In two days, I will begin the first playtest of my hybrid 4E/Paranoia game, temporarily titled Kingdom of Teria. How exciting! How nerve-wracking!

Some people have wondered how I can combine such different games. Not easily, I can tell you that.  I started by creating some new roles that focused on how players can screw with each other. (Like D&D roles, they are focused on combat.)

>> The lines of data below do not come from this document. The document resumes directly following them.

lemma gamma_weight_bounds:
  assumes "g > 0"
  obtains c C where "c > 0"
    "\<And>n. c * (real n + 1) powr (g - 1) \<le> gamma_weight g n"
    "\<And>n. gamma_weight g n \<le> C * (real n + 1) powr (g - 1)"
proof -
  have "\<And>n. gamma_weight g n / (real n + 1) powr (g - 1) > 0" "1 / Gamma g > 0"
    using gamma_weight_pos[OF assms] Gamma_real_pos[OF assms] by auto
  then obtain c C where "c > 0"
    and c: "\<And>n. c \<le> gamma_weight g n / (real n + 1) powr (g - 1)"
    and C: "\<And>n. gamma_weight g n / (real n + 1) powr (g - 1) \<le> C"
    using tendsto_pos_imp_bounded_away[OF gamma_weight_asymp[OF assms]] by metis
  show thesis
  proof (rule that[OF \<open>c > 0\<close>])
    fix n
    show "c * (real n + 1) powr (g - 1) \<le> gamma_weight g n"
      using c[of n] by (simp add: field_simps)
    show "gamma_weight g n \<le> C * (real n + 1) powr (g - 1)"
      using C[of n] by (simp add: field_simps)
  qed
qed

section \<open>Power sums\<close>

lemma powr_increment_ge:
  fixes a x :: real
  assumes "0 < a" "a < 1" "0 \<le> x"
  shows "a * (x + 1) powr (a - 1) \<le> (x + 1) powr a - x powr a"
proof (cases "x = 0")
  case True
  then show ?thesis using assms by simp
next
  case False
  have "\<exists>z. x < z \<and> z < x + 1 \<and> (x + 1) powr a - x powr a = (x + 1 - x) * (a * z powr (a - 1))"
    by (rule MVT2) (use False assms in \<open>auto intro!: has_real_derivative_powr\<close>)
  then obtain z where z: "x < z" "z < x + 1" "(x + 1) powr a - x powr a = a * z powr (a - 1)"
    by auto
  have "(x + 1) powr (a - 1) \<le> z powr (a - 1)"
    using z False assms by (intro powr_mono2') auto
  then show ?thesis using z assms by simp
qed

lemma powr_neg_decrement_ge:
  fixes c x :: real
  assumes "0 < c" "0 < x"
  shows "c * (x + 1) powr (- c - 1) \<le> x powr (- c) - (x + 1) powr (- c)"
proof -
  have "\<exists>z. x < z \<and> z < x + 1 \<and>
      (x + 1) powr (- c) - x powr (- c) = (x + 1 - x) * (- c * z powr (- c - 1))"
  proof (rule MVT2)
    fix y assume "x \<le> y"
    then show "((\<lambda>y. y powr (- c)) has_real_derivative (- c * y powr (- c - 1))) (at y)"
      using assms has_real_derivative_powr[of y "- c"] by simp
  qed simp
  then obtain z where z: "x < z" "z < x + 1"
    "(x + 1) powr (- c) - x powr (- c) = - c * z powr (- c - 1)"
    by auto
  have "(x + 1) powr (- c - 1) \<le> z powr (- c - 1)"
    using z assms by (intro powr_mono2') auto
  then have "c * (x + 1) powr (- c - 1) \<le> c * z powr (- c - 1)"
    using assms by (intro mult_left_mono) auto
  then show ?thesis using z by linarith
qed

This gave me much more focus when designing new classes that, while working within D&D, could also fit into the Paranoia paradigm. The new classes are:

  • Disconcerter: Disconcerters use magic to create problems for others, usually a specific person. They create vulnerabilities, warp senses, or otherwise open others up to devastating attacks. If you want to pick on one ally at a time with a powerful debuff, play a disconcerter.
  • Evangelical: Arrogant, proud to a fault, and completely convinced of his inevitable sainthood, evangelicals use guilt and fear like an artist uses brushes and paint. If you want to guilt people into protecting you and make them expect, even seek out, punishment, play an evangelical.
  • Feral Mage: A natural magic user who escaped the High King’s purges through luck or conspiracy, feral mages have immense power but no training to control it. If you want to hurt friend and foe alike in a burst of magical fire, cause everyone to suffer, and somehow emerge unscathed, play a feral mage.
  • Officer: Trained in shouting loudly and expert at making other people do stupid, dangerous tasks, officers send others to their deaths so they may live. If you want to slide other player’s characters around the battlefield and win debates through sheer volume, then officer is a good class to take.
  • Prankster: Physical jokes are always funny to the prankster, especially if they hurt someone. If you want to knock allies about, embarrass them, then claim it was all a joke, play a prankster.
  • Zealot: Power-mad is the perfect term for these: they have holy power and they are crazy enough to think they know better than the gods what the gods want. If you want to wield barely-controlled power that can take out the unworthy in groups (and only you are truly worthy), play a zealot.

I am proud of these classes and I think they’ll work well,  but we’ll see on Saturday how well these all work together. Or not, as the case may be. After all, there is a lot of Paranoia in my 4E these days.